If needed we can add more elements from http://www.squid-cache.org/Doc/config/logformat/.

Hello! I would prefer to not have an allowlist for external domains, but if the final decision is to have one then I would like the following added to the initial list:

  • r-project.org (installing R packages from cran.r-project.org and cloud.r-project.org)
  • rstudio.com (mainly for RStudio's CRAN mirror cran.rstudio.com, but also their public package manager)

This would affect the research team, especially if the stat machines are also included in this restriction. For example:

  • pip / conda install (python packages)
  • github / gitlab / gerrit (code)
  • downloading/uploading datasets, e.g. figshare, zenodo, and a long tail of others
  • libraries that depend on the web, e.g. when working with pre-trained models in tensorflow hub/huggingface
  • APIs (mediawiki / toolforge / cloud VPS)

Especially for one-off use cases, where one would have to whitelist a url (via a phab/gerrit task) only to have very little use for it after, this solution does not seem ideal. Bypassing this restriction by using your local machine for large datasets in particular is not convenient.

For tasks running on yarn, that restriction certainly makes sense, or at least we shouldn't add the webproxy env config without good reason; e.g. wmfdata automatically propagates the webproxy to all workers if it is set in the notebook.
Would it be possible to work with whitelists for the worker machines but not for the stat machines?

For some production jobs we still use the proxy to access:

  • MW APIs (all our sites)
  • ores.wikimedia.org

For dev purposes I use the proxy to download some dependencies:

MW APIs (all our sites)

BTW, the proper way to access MW APIs from within our networks is to use e.g. https://api-ro.discovery.wmnet and set the HTTP Host header to the domain of the site you want to access, e.g. www.wikidata.org.
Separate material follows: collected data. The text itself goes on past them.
(* Let $Y\in\mathbb{R}^n$ satisfy $Y=X\beta+\sigma\xi$ with a deterministic matrix $X\in\mathbb{R}^{n\times p}$ with columns $X_1,\dots,X_p$, $\sigma>0$ and $\xi\sim\mathcal{N}(0,\mathbb{I}_n)$. For any $a>0$, $q\ge1$ and $s<p$, for every $s'\in(0,s)$, $$\inf_{\hat\beta}\sup_{\beta\in\Omega^p_{s,a}}\mathbf{E}_\beta\big(\|\hat\beta-\beta\|_q^q\big)\ \ge\ a^q\frac{s'}{s}\Big(\frac{1}{2^q}\Psi(p,s,a,\sigma,X)-2s\,e^{-\frac{(s-s')^2}{2s}}\Big),$$ where the infimum is over all estimators $\hat\beta$.
   Context: $\Omega^p_{s,a}=\{\beta\in\mathbb{R}^p:\ |\beta|_0\le s\ \text{and}\ |\beta_i|\ge a\ \forall i\in S_\beta\}$, where $|\beta|_0$ is the number of nonzero entries and $S_\beta$ the set of indices of nonzero entries. $\mathbf{E}_\beta$ is expectation under the model with parameter $\beta$; $\|\cdot\|_q$ is the $\ell_q$ norm. With $\varepsilon$ a standard Gaussian random variable and $t_j(a):=\frac a2+\frac{\sigma^2\log(\frac ps-1)}{a\|X_j\|_2^2}$ for $j=1,\dots,p$, $$\Psi(p,s,a,\sigma,X):=\sum_{j=1}^p\Big(\frac sp\mathbf{P}\big(\sigma\varepsilon\ge(a-t_j(a))\|X_j\|_2\big)+\Big(1-\frac sp\Big)\mathbf{P}\big(\sigma\varepsilon\ge t_j(a)\|X_j\|_2\big)\Big).$$ *)

theory Defs
  imports "HOL-Probability.Probability"
begin

definition std_gauss :: "real measure" where
  "std_gauss = density lborel std_normal_density"

definition gauss_vec :: "nat \<Rightarrow> (nat \<Rightarrow> real) measure" where
  "gauss_vec n = PiM {..<n} (\<lambda>_. std_gauss)"

definition obs :: "nat \<Rightarrow> nat \<Rightarrow> (nat \<Rightarrow> nat \<Rightarrow> real) \<Rightarrow> real \<Rightarrow> (nat \<Rightarrow> real)
                   \<Rightarrow> (nat \<Rightarrow> real) \<Rightarrow> (nat \<Rightarrow> real)" where
  "obs n p X \<sigma> \<beta> \<xi> = restrict (\<lambda>i. (\<Sum>j<p. X i j * \<beta> j) + \<sigma> * \<xi> i) {..<n}"

definition l0 :: "nat \<Rightarrow> (nat \<Rightarrow> real) \<Rightarrow> nat" where
  "l0 p \<beta> = card {i. i < p \<and> \<beta> i \<noteq> 0}"

definition Omega :: "nat \<Rightarrow> nat \<Rightarrow> real \<Rightarrow> (nat \<Rightarrow> real) set" where
  "Omega p s a = {\<beta>. (\<forall>i\<ge>p. \<beta> i = 0) \<and> l0 p \<beta> \<le> s \<and>
                      (\<forall>i<p. \<beta> i \<noteq> 0 \<longrightarrow> \<bar>\<beta> i\<bar> \<ge> a)}"

definition lq_pow :: "nat \<Rightarrow> real \<Rightarrow> (nat \<Rightarrow> real) \<Rightarrow> real" where
  "lq_pow p q v = (\<Sum>i<p. \<bar>v i\<bar> powr q)"

definition colnorm2 :: "nat \<Rightarrow> (nat \<Rightarrow> nat \<Rightarrow> real) \<Rightarrow> nat \<Rightarrow> real" where
  "colnorm2 n X j = (\<Sum>i<n. (X i j)\<^sup>2)"

definition tj :: "nat \<Rightarrow> nat \<Rightarrow> nat \<Rightarrow> real \<Rightarrow> real \<Rightarrow> (nat \<Rightarrow> nat \<Rightarrow> real) \<Rightarrow> nat \<Rightarrow> real" where
  "tj n p s a \<sigma> X j = a / 2 + \<sigma>\<^sup>2 * ln (real p / real s - 1) / (a * colnorm2 n X j)"

definition Psi :: "nat \<Rightarrow> nat \<Rightarrow> nat \<Rightarrow> real \<Rightarrow> real \<Rightarrow> (nat \<Rightarrow> nat \<Rightarrow> real) \<Rightarrow> real" where
  "Psi n p s a \<sigma> X = (\<Sum>j<p.
      (real s / real p) * measure std_gauss
          {e. \<sigma> * e \<ge> (a - tj n p s a \<sigma> X j) * sqrt (colnorm2 n X j)}
    + (1 - real s / real p) * measure std_gauss
          {e. \<sigma> * e \<ge> tj n p s a \<sigma> X j * sqrt (colnorm2 n X j)})"

end

theory Submission
  imports Defs
begin

(* Bound the minimax risk below by a Bayes risk. Take the prior of a * 1_S, where every coordinate
   lies in S independently with probability pi = s'/p, truncated to |S| <= s; by Chernoff's bound
   the truncation loses mass at most exp (-(s - s')^2 / (2 s)). The l_q^q loss of any estimator is
   at least (a/2)^q times the number of coordinates j at which the test "estimate_j >= a/2"
   misjudges whether j is in S. For fixed j, pairing S with S + {j} turns the expected number of
   such errors into the Bayes risk of testing N(0, I) against its shift by a X_j / sigma with
   prior weight pi on the shift. That risk is at least pi p / s times the one for prior weight
   s/p, which by the Neyman-Pearson lemma is at least the risk of the likelihood ratio test:
   the j-th summand of Psi. *)

section \<open>Gaussian measures and their shifts\<close>

lemma prob_space_std_gauss: "prob_space std_gauss"
  unfolding std_gauss_def by (rule prob_space_normal_density) simp

lemma sets_std_gauss [simp, measurable_cong]: "sets std_gauss = sets borel"
  unfolding std_gauss_def by simp

lemma space_std_gauss [simp]: "space std_gauss = UNIV"
  unfolding std_gauss_def by simp

lemma emeasure_std_gauss_singleton [simp]: "emeasure std_gauss {x} = 0"
  unfolding std_gauss_def by (simp add: emeasure_density)

lemma prob_space_gauss_vec: "prob_space (gauss_vec n)"
  unfolding gauss_vec_def by (intro prob_space_PiM prob_space_std_gauss)

lemma sets_gauss_vec [measurable_cong]:
  "sets (gauss_vec n) = sets (PiM {..<n} (\<lambda>_. borel :: real measure))"
  unfolding gauss_vec_def by (intro sets_PiM_cong) auto

lemma space_gauss_vec: "space (gauss_vec n) = PiE {..<n} (\<lambda>_. UNIV)"
  unfolding gauss_vec_def by (simp add: space_PiM)

lemma distr_PiM_componentwise:
  assumes I: "finite I" and M: "\<And>i. prob_space (M i)"
    and f: "\<And>i. f i \<in> measurable (M i) (N i)"
  shows "distr (PiM I M) (PiM I N) (\<lambda>x. \<lambda>i\<in>I. f i (x i)) = PiM I (\<lambda>i. distr (M i) (N i) (f i))"
proof -
  interpret D: product_prob_space "\<lambda>i. distr (M i) (N i) (f i)"
    by (intro product_prob_spaceI prob_space.prob_space_distr M f)
  interpret P: product_prob_space M
    by (intro product_prob_spaceI M)
  have f_PiM: "(\<lambda>x. \<lambda>i\<in>I. f i (x i)) \<in> measurable (PiM I M) (PiM I N)"
    using f by (intro measurable_restrict measurable_compose[OF measurable_component_singleton]) auto
  show ?thesis
  proof (rule D.PiM_eqI[OF I])
    show "sets (distr (PiM I M) (PiM I N) (\<lambda>x. \<lambda>i\<in>I. f i (x i))) = sets (PiM I (\<lambda>i. distr (M i) (N i) (f i)))"
      by (auto intro!: sets_PiM_cong)
    fix A assume A: "\<And>i. i \<in> I \<Longrightarrow> A i \<in> sets (distr (M i) (N i) (f i))"
    have "(\<lambda>x. \<lambda>i\<in>I. f i (x i)) -` PiE I A \<inter> space (PiM I M) = PiE I (\<lambda>i. f i -` A i \<inter> space (M i))"
      by (auto simp: space_PiM PiE_def Pi_def extensional_def)
    moreover have "PiE I A \<in> sets (PiM I N)"
      using A by (intro sets_PiM_I_finite I) auto
    ultimately have "emeasure (distr (PiM I M) (PiM I N) (\<lambda>x. \<lambda>i\<in>I. f i (x i))) (PiE I A)
        = emeasure (PiM I M) (PiE I (\<lambda>i. f i -` A i \<inter> space (M i)))"
      using f_PiM by (simp add: emeasure_distr)
    also have "\<dots> = (\<Prod>i\<in>I. emeasure (M i) (f i -` A i \<inter> space (M i)))"
      using A f by (intro P.emeasure_PiM I) (auto intro: measurable_sets)
    also have "\<dots> = (\<Prod>i\<in>I. emeasure (distr (M i) (N i) (f i)) (A i))"
      using A f by (intro prod.cong refl) (simp add: emeasure_distr)
    finally show "emeasure (distr (PiM I M) (PiM I N) (\<lambda>x. \<lambda>i\<in>I. f i (x i))) (PiE I A)
        = (\<Prod>i\<in>I. emeasure (distr (M i) (N i) (f i)) (A i))" .
  qed
qed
Then you don't need a proxy.

MW APIs (all our sites)

BTW, the proper way to access MW APIs from within our networks is to use e.g. https://api-ro.discovery.wmnet and set the HTTP Host header to the domain of the site you want to access, e.g. www.wikidata.org.
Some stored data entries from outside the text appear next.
lemma The_greatest_below:
  fixes p \<alpha> :: "'i::wellorder"
  assumes "p < \<alpha>" "\<And>\<delta>. p < \<delta> \<Longrightarrow> \<alpha> \<le> \<delta>"
  shows "(THE \<beta>. \<beta> < \<alpha> \<and> (\<forall>\<gamma><\<alpha>. \<gamma> \<le> \<beta>)) = p"
  using assms by (intro the_equality) (meson antisym leD not_le)+

lemma Sigma_iter_eq:
  "Sigma_iter M L \<tau> \<Sigma>0 (\<alpha>::'i::wellorder) =
    (if \<not> (\<exists>\<beta>. \<beta> < \<alpha>) then \<Sigma>0
     else if is_limit \<alpha> then sigma_sets (space M) (\<Union>\<beta>\<in>{\<beta>. \<beta> < \<alpha>}. Sigma_iter M L \<tau> \<Sigma>0 \<beta>)
     else G_op M L \<tau> (Sigma_iter M L \<tau> \<Sigma>0 (THE \<beta>. \<beta> < \<alpha> \<and> (\<forall>\<gamma><\<alpha>. \<gamma> \<le> \<beta>))))"
proof -
  have pred_below: "(THE \<beta>. \<beta> < \<alpha> \<and> (\<forall>\<gamma><\<alpha>. \<gamma> \<le> \<beta>)) < \<alpha>"
    if nonleast: "\<exists>\<beta>. \<beta> < \<alpha>" and nonlimit: "\<not> is_limit \<alpha>"
  proof -
    obtain p where p: "p < \<alpha>" "\<And>\<delta>. p < \<delta> \<Longrightarrow> \<alpha> \<le> \<delta>"
      using nonleast nonlimit least_limit_or_successor[of \<alpha>] by blast
    then show ?thesis by (simp only: The_greatest_below[OF p])
  qed
  show ?thesis
    unfolding Sigma_iter_def
    by (subst wfrec[OF wf]) (auto simp: cut_apply pred_below intro!: SUP_cong)
qed

lemma Sigma_iter_least: "\<not> (\<exists>\<beta>. \<beta> < \<alpha>) \<Longrightarrow> Sigma_iter M L \<tau> \<Sigma>0 (\<alpha>::'i::wellorder) = \<Sigma>0"
  by (subst Sigma_iter_eq) simp

lemma Sigma_iter_limit:
  "is_limit \<alpha> \<Longrightarrow>
    Sigma_iter M L \<tau> \<Sigma>0 (\<alpha>::'i::wellorder) = sigma_sets (space M) (\<Union>\<beta>\<in>{\<beta>. \<beta> < \<alpha>}. Sigma_iter M L \<tau> \<Sigma>0 \<beta>)"
  by (subst Sigma_iter_eq) (simp add: is_limit_def)

lemma Sigma_iter_successor:
  fixes \<beta> \<gamma> :: "'i::wellorder"
  assumes "\<beta> < \<gamma>" "\<And>\<delta>. \<beta> < \<delta> \<Longrightarrow> \<gamma> \<le> \<delta>"
  shows "Sigma_iter M L \<tau> \<Sigma>0 \<gamma> = G_op M L \<tau> (Sigma_iter M L \<tau> \<Sigma>0 \<beta>)"
proof -
  have "\<not> is_limit \<gamma>" using assms unfolding is_limit_def by (meson leD)
  then show ?thesis using assms(1) The_greatest_below[OF assms] by (subst Sigma_iter_eq) auto
qed

lemma Sigma_iter_subset_sets:
  assumes "\<Sigma>0 \<subseteq> sets M"
  shows "Sigma_iter M L \<tau> \<Sigma>0 (\<alpha>::'i::wellorder) \<subseteq> sets M"
proof (induction \<alpha> rule: less_induct)
  case (less \<alpha>)
  show ?case
  proof (cases rule: least_limit_or_successor[of \<alpha>])
    case limit
    then show ?thesis
      unfolding Sigma_iter_limit[OF limit] using less by (intro sets.sigma_sets_subset UN_least) auto
  qed (use assms G_op_subset_sets in \<open>simp_all add: Sigma_iter_least Sigma_iter_successor\<close>)
qed

lemma sigma_algebra_Sigma_iter:
  assumes "sigma_algebra (space M) \<Sigma>0" "\<Sigma>0 \<subseteq> sets M"
  shows "sigma_algebra (space M) (Sigma_iter M L \<tau> \<Sigma>0 (\<alpha>::'i::wellorder))"
proof (cases rule: least_limit_or_successor[of \<alpha>])
  case limit
  have "(\<Union>\<beta>\<in>{\<beta>. \<beta> < \<alpha>}. Sigma_iter M L \<tau> \<Sigma>0 \<beta>) \<subseteq> Pow (space M)"
    using Sigma_iter_subset_sets[OF assms(2)] sets.sets_into_space by blast
  then show ?thesis unfolding Sigma_iter_limit[OF limit] by (rule sigma_algebra_sigma_sets)
qed (use assms sigma_algebra_G_op in \<open>simp_all add: Sigma_iter_least Sigma_iter_successor\<close>)

lemma Sigma_iter_increasing:
  assumes "\<Sigma>0 \<subseteq> sets M" "Rel_of M \<Sigma>0 = RelT M L \<tau> \<Sigma>0"
  shows "Sigma_iter M L \<tau> \<Sigma>0 \<alpha> \<subseteq> G_op M L \<tau> (Sigma_iter M L \<tau> \<Sigma>0 \<alpha>) \<and>
    (\<forall>\<beta><\<alpha>. Sigma_iter M L \<tau> \<Sigma>0 \<beta> \<subseteq> Sigma_iter M L \<tau> \<Sigma>0 (\<alpha>::'i::wellorder))"
proof (induction \<alpha> rule: less_induct)
  case (less \<alpha>)
  let ?S = "Sigma_iter M L \<tau> \<Sigma>0" and ?G = "G_op M L \<tau>"
  show ?case
  proof (cases rule: least_limit_or_successor[of \<alpha>])
    case least
    then show ?thesis
      using subset_closed_sets_Rel_of[OF assms(1)] by (simp add: Sigma_iter_least G_op_def assms(2))
  next
    case limit
    have below: "?S \<beta> \<subseteq> ?S \<alpha>" if "\<beta> < \<alpha>" for \<beta>
      using that by (auto simp: Sigma_iter_limit[OF limit])
    have "?S \<beta> \<subseteq> ?G (?S \<alpha>)" if "\<beta> < \<alpha>" for \<beta>
      using less that below G_op_mono by blast
    then have "?S \<alpha> \<subseteq> ?G (?S \<alpha>)"
      unfolding Sigma_iter_limit[OF limit, of M L \<tau> \<Sigma>0]
      by (intro sigma_algebra.sigma_sets_subset[OF sigma_algebra_G_op] UN_least)
        (simp add: Sigma_iter_limit[OF limit, symmetric])
    then show ?thesis using below by blast
  next
    case (successor p)
    have S\<alpha>: "?S \<alpha> = ?G (?S p)" using successor by (rule Sigma_iter_successor)
    have IH: "?S p \<subseteq> ?G (?S p)" "\<forall>\<beta><p. ?S \<beta> \<subseteq> ?S p" using less successor(1) by auto
    have "?S \<beta> \<subseteq> ?S \<alpha>" if "\<beta> < \<alpha>" for \<beta>
      using successor(2)[of \<beta>] that IH S\<alpha> by (cases "\<beta> < p") (auto simp: not_less_iff_gr_or_eq)
    moreover have "?S \<alpha> \<subseteq> ?G (?S \<alpha>)" unfolding S\<alpha> using IH(1) S\<alpha> by (simp add: G_op_mono)
    ultimately show ?thesis by blast
  qed
qed

lemma Sigma_iter_mono:
  assumes "\<Sigma>0 \<subseteq> sets M" "Rel_of M \<Sigma>0 = RelT M L \<tau> \<Sigma>0"
  shows "mono (Sigma_iter M L \<tau> \<Sigma>0 :: 'i::wellorder \<Rightarrow> _)"
proof (rule monoI)
  fix \<beta> \<alpha> :: 'i assume "\<beta> \<le> \<alpha>"
  then show "Sigma_iter M L \<tau> \<Sigma>0 \<beta> \<subseteq> Sigma_iter M L \<tau> \<Sigma>0 \<alpha>"
    using Sigma_iter_increasing[OF assms, of \<alpha>] by (cases "\<beta> = \<alpha>") auto
qed

lemma level_set_in_Sigma_iter_below_limit:
  assumes "LMP M L \<tau>" "\<Sigma>0 \<subseteq> sets M" "is_limit lam" "\<beta> < lam" "a \<in> L"
    and "A \<in> Sigma_iter M L \<tau> \<Sigma>0 \<beta>"
  shows "\<exists>\<gamma><lam. {s \<in> space M. c < measure (\<tau> a s) A} \<in> Sigma_iter M L \<tau> \<Sigma>0 (\<gamma>::'i::wellorder)"
proof -
  obtain \<gamma> where "\<beta> < \<gamma>" "\<gamma> < lam" and succ: "\<And>\<delta>. \<beta> < \<delta> \<Longrightarrow> \<gamma> \<le> \<delta>"
    using successor_below_limit[OF assms(3,4)] by blast
  have "{s \<in> space M. c < measure (\<tau> a s) A} \<in> G_op M L \<tau> (Sigma_iter M L \<tau> \<Sigma>0 \<beta>)"
    by (rule level_set_in_G_op[OF assms(1,5,6) Sigma_iter_subset_sets[OF assms(2)]])
  then show ?thesis using \<open>\<gamma> < lam\<close> by (auto simp: Sigma_iter_successor[OF \<open>\<beta> < \<gamma>\<close> succ])
qed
Then you don't need a proxy.

It's not just a BTW unfortunately. There's multiple benefits to not going through the web proxy to reach the MW APIs, e.g.
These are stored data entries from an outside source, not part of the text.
lemma list_edge_colouring_transpose:
  assumes c: "list_edge_colouring F L c"
    and closed: "\<And>x x' y. (x, y) \<in> F \<Longrightarrow> (x', y) \<in> F \<Longrightarrow> c (x, y) = \<alpha> \<Longrightarrow> c (x', y) = \<beta> \<Longrightarrow>
      x \<in> T \<longleftrightarrow> x' \<in> T"
    and lists: "\<And>x. x \<in> T \<Longrightarrow> \<alpha> \<in> L x \<and> \<beta> \<in> L x"
  shows "list_edge_colouring F L (\<lambda>p. if fst p \<in> T then transpose \<alpha> \<beta> (c p) else c p)"
    (is "list_edge_colouring F L ?c")
  unfolding list_edge_colouring_def
proof (intro conjI allI impI ballI)
  fix p assume "p \<in> F"
  then show "case p of (x, y) \<Rightarrow> ?c (x, y) \<in> L x"
    using c lists by (cases p) (auto simp: list_edge_colouring_def transpose_def)
next
  fix x y y' assume "(x, y) \<in> F" "(x, y') \<in> F" "?c (x, y) = ?c (x, y')"
  then show "y = y'" using c by (cases "x \<in> T") (auto simp: list_edge_colouring_def dest: transpose_eq_imp_eq)
next
  fix x x' y assume xy: "(x, y) \<in> F" "(x', y) \<in> F" and eq: "?c (x, y) = ?c (x', y)"
  have side: "x \<in> T \<longleftrightarrow> x' \<in> T" if "c (x, y) \<noteq> c (x', y)"
    using closed[OF xy] closed[OF xy(2,1)] eq that
    by (auto simp: transpose_eq_iff split: if_splits)
  show "x = x'"
  proof (cases "c (x, y) = c (x', y)")
    case False
    with side eq have "c (x, y) = c (x', y)" by (auto dest: transpose_eq_imp_eq split: if_splits)
    with False show ?thesis by contradiction
  qed (use c xy in \<open>auto simp: list_edge_colouring_def\<close>)
qed

(* T collects the left vertices reachable from x0 by alternately following an alpha-edge and a
   beta-edge.  Swapping alpha and beta at all vertices of T frees alpha at x0, and alpha stays free at
   y0 because a beta-edge from T to y0 would be preceded in the chain by an alpha-edge at y0. *)
lemma list_edge_colouring_kempe_swap:
  assumes c: "list_edge_colouring F L c"
    and \<alpha>: "\<forall>x. \<alpha> \<in> L x" and \<beta>: "\<beta> \<in> L x\<^sub>0"
    and \<beta>_free: "\<forall>y. (x\<^sub>0, y) \<in> F \<longrightarrow> c (x\<^sub>0, y) \<noteq> \<beta>"
    and \<alpha>_free: "\<forall>x. (x, y\<^sub>0) \<in> F \<longrightarrow> c (x, y\<^sub>0) \<noteq> \<alpha>"
  shows "\<exists>c'. list_edge_colouring F L c' \<and>
    (\<forall>y. (x\<^sub>0, y) \<in> F \<longrightarrow> c' (x\<^sub>0, y) \<noteq> \<alpha>) \<and> (\<forall>x. (x, y\<^sub>0) \<in> F \<longrightarrow> c' (x, y\<^sub>0) \<noteq> \<alpha>)"
proof -
  define R where "R x x' \<longleftrightarrow> (\<exists>y. (x, y) \<in> F \<and> c (x, y) = \<alpha> \<and> (x', y) \<in> F \<and> c (x', y) = \<beta>)"
    for x x'
  define T where "T = {x. R\<^sup>*\<^sup>* x\<^sub>0 x}"
  define c' where "c' p = (if fst p \<in> T then transpose \<alpha> \<beta> (c p) else c p)" for p
  have left_proper: "y = y'" if "(x, y) \<in> F" "(x, y') \<in> F" "c (x, y) = c (x, y')" for x y y'
    using c that by (auto simp: list_edge_colouring_def)
  have right_proper: "x = x'" if "(x, y) \<in> F" "(x', y) \<in> F" "c (x, y) = c (x', y)" for x x' y
    using c that by (auto simp: list_edge_colouring_def)
  have "x\<^sub>0 \<in> T" by (simp add: T_def)
  have pred: "\<exists>x'\<in>T. R x' x" if "x \<in> T" "x \<noteq> x\<^sub>0" for x
    using that by (auto simp: T_def elim: rtranclp.cases)
  have \<beta>_edge_pred: "\<exists>x'\<in>T. (x', y) \<in> F \<and> c (x', y) = \<alpha>"
    if "x \<in> T" "(x, y) \<in> F" "c (x, y) = \<beta>" for x y
  proof -
    have "x \<noteq> x\<^sub>0" using that \<beta>_free by auto
    then obtain x' y' where "x' \<in> T" "(x', y') \<in> F" "c (x', y') = \<alpha>" "(x, y') \<in> F" "c (x, y') = \<beta>"
      using pred \<open>x \<in> T\<close> unfolding R_def by blast
    with that left_proper[of x y y'] show ?thesis by auto
  qed
  have closed: "x \<in> T \<longleftrightarrow> x' \<in> T"
    if edges: "(x, y) \<in> F" "(x', y) \<in> F" "c (x, y) = \<alpha>" "c (x', y) = \<beta>" for x x' y
  proof
    assume "x \<in> T"
    moreover have "R x x'" using edges by (auto simp: R_def)
    ultimately show "x' \<in> T" by (auto simp: T_def)
  next
    assume "x' \<in> T"
    then obtain x'' where "x'' \<in> T" "(x'', y) \<in> F" "c (x'', y) = \<alpha>"
      using \<beta>_edge_pred edges by blast
    with edges right_proper[of x y x''] show "x \<in> T" by auto
  qed
  have lists: "\<alpha> \<in> L x \<and> \<beta> \<in> L x" if x: "x \<in> T" for x
  proof (cases "x = x\<^sub>0")
    case False
    then obtain y where "(x, y) \<in> F" "c (x, y) = \<beta>" using pred[OF x] by (auto simp: R_def)
    then show ?thesis using \<alpha> c by (auto simp: list_edge_colouring_def)
  qed (use \<alpha> \<beta> in auto)
  have "list_edge_colouring F L c'"
    unfolding c'_def by (rule list_edge_colouring_transpose[OF c closed lists])
  moreover have "c' (x\<^sub>0, y) \<noteq> \<alpha>" if "(x\<^sub>0, y) \<in> F" for y
    using \<beta>_free that \<open>x\<^sub>0 \<in> T\<close> by (auto simp: c'_def transpose_eq_iff)
  moreover have "c' (x, y\<^sub>0) \<noteq> \<alpha>" if "(x, y\<^sub>0) \<in> F" for x
    using \<alpha>_free that \<beta>_edge_pred[of x y\<^sub>0] by (auto simp: c'_def transpose_eq_iff)
  ultimately show ?thesis by blast
qed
  • avoiding artificially polluting the organically (that's human user traffic) populated cache of the reverse proxies,
  • avoiding obfuscating logs with IPs that do not belong to the internal endpoint that actually talks to the MW API (or other endpoints),
  • avoiding a SPOF (there aren't that many web proxies nor is it a highly available setup cause there isn't any need to),
  • avoiding saturating a host that is offering this service along side other services.
  • avoiding the webproxy's own cache
  • avoiding another 4 intermediaries (1 outgoing proxy, 1 tls terminator, 2 reverse proxies) in the path to the desired content
  • avoiding adding latency to requests
  • probably others that I am missing.

We probably should update https://wikitech.wikimedia.org/wiki/HTTP_proxy and point out that it should never be used to access wikimedia resources, but rather only resources existing strictly outside of the production networks.

Oh and ORES is also available under https://ores.discovery.wmnet (and it's the exact same service!)

avoiding a SPOF (there aren't that many web proxies nor is it a highly available setup cause there isn't any need to),

This has bitten me before when I used to use the webproxy internally. Don't do it! :)

This has bitten me before when I used to use the webproxy internally. Don't do it! :)

Its worth mentioning that when i took a quick look at the traffic going through the proxy, after excluding apt traffic, the majority of domains being fetched where internal

Hahah, maybe what we should do is excludelist the internal domains in the webproxy!

A couple of questions/comments:

Its worth mentioning that when i took a quick look at the traffic going through the proxy, after excluding apt traffic, the majority of domains being fetched where internal

Hahah, maybe what we should do is excludelist the internal domains in the webproxy!

First: How difficult & how much overhead would it be to make the proxy redirect requests made to internal domains to api-ro.discovery.wmnet (and have it set the HTTP Host header automatically)? That is, optimize this internal traffic invisibly, behind the scenes.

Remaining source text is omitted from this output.